You prediction actually hits CTP's last news when they are expecting a farm in deal with a major European company to be finalised. My guess is this is next week, so you may be correct still.

I am worried about when they can have a rig ready to go, but that's another story I guess.


----------



## yogi-in-oz (3 June 2006)

Hi Jemma,

..... with regard to land rig shortage, please 
refer to WSP thread for more info.

happy days

  yogi


----------



## jemma (3 June 2006)

Yogi,

I already know WSP rigs are stuffed and delayed, but CTP made an announcement on 1/5 that they have alternative rigs available, so I am praying they get one of those.

WSP - what a joke.


----------



## nizar (3 June 2006)

OMC - a resource upgrade in anticipated in the third quarter

Has recovered well from its lows in the 40s only a few weeks ago


----------



## yogi-in-oz (12 June 2006)

Hi folks,

..... some more stocks to add to the 
watchlist, for this week:

CVN, AOE, BKN, IDE, BBW, DON, EZE, SOE, EBR

- BKW - EQN - TZN - DOW - MOE - SGL - RPM

happy days

  yogi


----------



## Sean K (12 June 2006)

Yogi, I may have missed something earlier with your posts but how do you come up with these predictions?! Do you have a dog that points to stock codes or something, and then dates appear on a cloud somewhere?


----------



## chennyleeeee (28 June 2006)

kennas said:
			
		

> Yogi, I may have missed something earlier with your posts but how do you come up with these predictions?! Do you have a dog that points to stock codes or something, and then dates appear on a cloud somewhere?





Haha I was wondering the same thing.   NEO has gone down tragically since it was first posted, however it might be a good idea to turn your attention to it once more. Reversal might be just along the corner.

CHEN


----------



## yogi-in-oz (1 July 2006)

Hi folks,

.... and some others that may do well in July 2006:

MPO - SSN - DYE - JAG - SAE - BYI - KAR - EPR

Yes, NEO has been a deep disappointment to many
people, but looking forward, we will be expecting a
very good month, from 22092006-to-16102006 ..... 

..... more detailed NEO time cycles in NEO thread.

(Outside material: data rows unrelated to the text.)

(* Let $(M,g)$ be an $n$-dimensional Lorentzian manifold and let $K_{ij}=Ag_{ij}+Bu_iu_j$ (with $u$ unit timelike, $B\neq0$) be a divergence-free conformal Killing tensor with acceleration-free velocity, $\dot u_j=0$, and with $\dot B$ vanishing nowhere. Then $\nabla_ju_k=H(g_{jk}+u_ju_k)$ and $\nabla_jH=-\dot H\,u_j$ with $H=\dot B/(2B)$; that is, $(M,g)$ is a generalized Robertson–Walker spacetime.
   Context: A symmetric tensor $K_{ij}$ is a conformal Killing tensor if $\nabla_iK_{jl}+\nabla_jK_{li}+\nabla_lK_{ij}=\eta_ig_{jl}+\eta_jg_{li}+\eta_lg_{ij}$ with $\eta_i=\frac{\nabla_iK+2\nabla_jK^j{}_i}{n+2}$, $K=g^{ij}K_{ij}$; divergence-free means $\nabla^jK_{jk}=0$. For a scalar $f$, $\dot f=u^k\nabla_kf$; $\dot u_j=u^k\nabla_ku_j$. A Lorentzian manifold is a generalized Robertson–Walker (GRW) spacetime if (covariant characterization, equivalent to the warped metric $ds^2=-dt^2+a(t)^2g^\star_{\mu\nu}(\mathbf x)dx^\mu dx^\nu$) it admits a unit timelike vector field $u$ and a scalar $H$ with $\nabla_ju_k=H(g_{jk}+u_ju_k)$ and $\nabla_jH=-\dot H\,u_j$. *)

theory Defs
  imports "HOL-Analysis.Analysis"
begin

text \<open>Local coordinate setting: an open set U of R^n (index type 'n, n = CARD('n)).
  Tensors are given by their components in these coordinates.\<close>

definition pd :: "'n::finite \<Rightarrow> (real^'n \<Rightarrow> real) \<Rightarrow> real^'n \<Rightarrow> real" where
  "pd i f x = frechet_derivative f (at x) (axis i 1)"

fun iter_pd :: "'n::finite list \<Rightarrow> (real^'n \<Rightarrow> real) \<Rightarrow> real^'n \<Rightarrow> real" where
  "iter_pd [] f = f"
| "iter_pd (i # is) f = pd i (iter_pd is f)"

definition smooth_on :: "(real^'n::finite) set \<Rightarrow> (real^'n \<Rightarrow> real) \<Rightarrow> bool" where
  "smooth_on U f \<longleftrightarrow> (\<forall>is. \<forall>x\<in>U. iter_pd is f differentiable (at x))"

definition lorentzian_metric :: "(real^'n::finite) set \<Rightarrow> (real^'n \<Rightarrow> real^'n^'n) \<Rightarrow> bool" where
  "lorentzian_metric U g \<longleftrightarrow>
     (\<forall>i j. smooth_on U (\<lambda>x. g x $ i $ j)) \<and>
     (\<forall>x\<in>U. transpose (g x) = g x \<and>
        (\<exists>(i0::'n) (P::real^'n^'n). invertible P \<and>
           transpose P ** g x ** P = (\<chi> i j. if i = j then (if i = i0 then -1 else 1) else 0)))"

definition ginv :: "(real^'n::finite \<Rightarrow> real^'n^'n) \<Rightarrow> real^'n \<Rightarrow> 'n \<Rightarrow> 'n \<Rightarrow> real" where
  "ginv g x i j = matrix_inv (g x) $ i $ j"

definition christoffel :: "(real^'n::finite \<Rightarrow> real^'n^'n) \<Rightarrow> 'n \<Rightarrow> 'n \<Rightarrow> 'n \<Rightarrow> real^'n \<Rightarrow> real" where
  "christoffel g k i j x = (1/2) * (\<Sum>l\<in>UNIV. ginv g x k l *
      (pd i (\<lambda>y. g y $ j $ l) x + pd j (\<lambda>y. g y $ i $ l) x - pd l (\<lambda>y. g y $ i $ j) x))"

Kennas, these are determined by using Gann's analysis,
on the TIME axis.

happy days

  yogi


----------



## yogi-in-oz (9 July 2006)

Hi folks,

..... a few more stox for the watchlist, that may be
worth monitoring over the next couple of weeks.

.....    SSN - RBM - ITC - MOG - GDA -  RCI - AJL - QRS

CHD - CCI - DVM - EON - HTX - HGI - HLT - VPE

happy days

  yogi


----------



## pacer (11 July 2006)

Yes, NEO is starting to look more promising with all this support at 19c, still holding some.

One I have just looked at may have a promising future is SYN with thier new display technology whish was proven to work just yesterday in announcement...... panoramalabs.com has all the info and sounds pretty awesome to me.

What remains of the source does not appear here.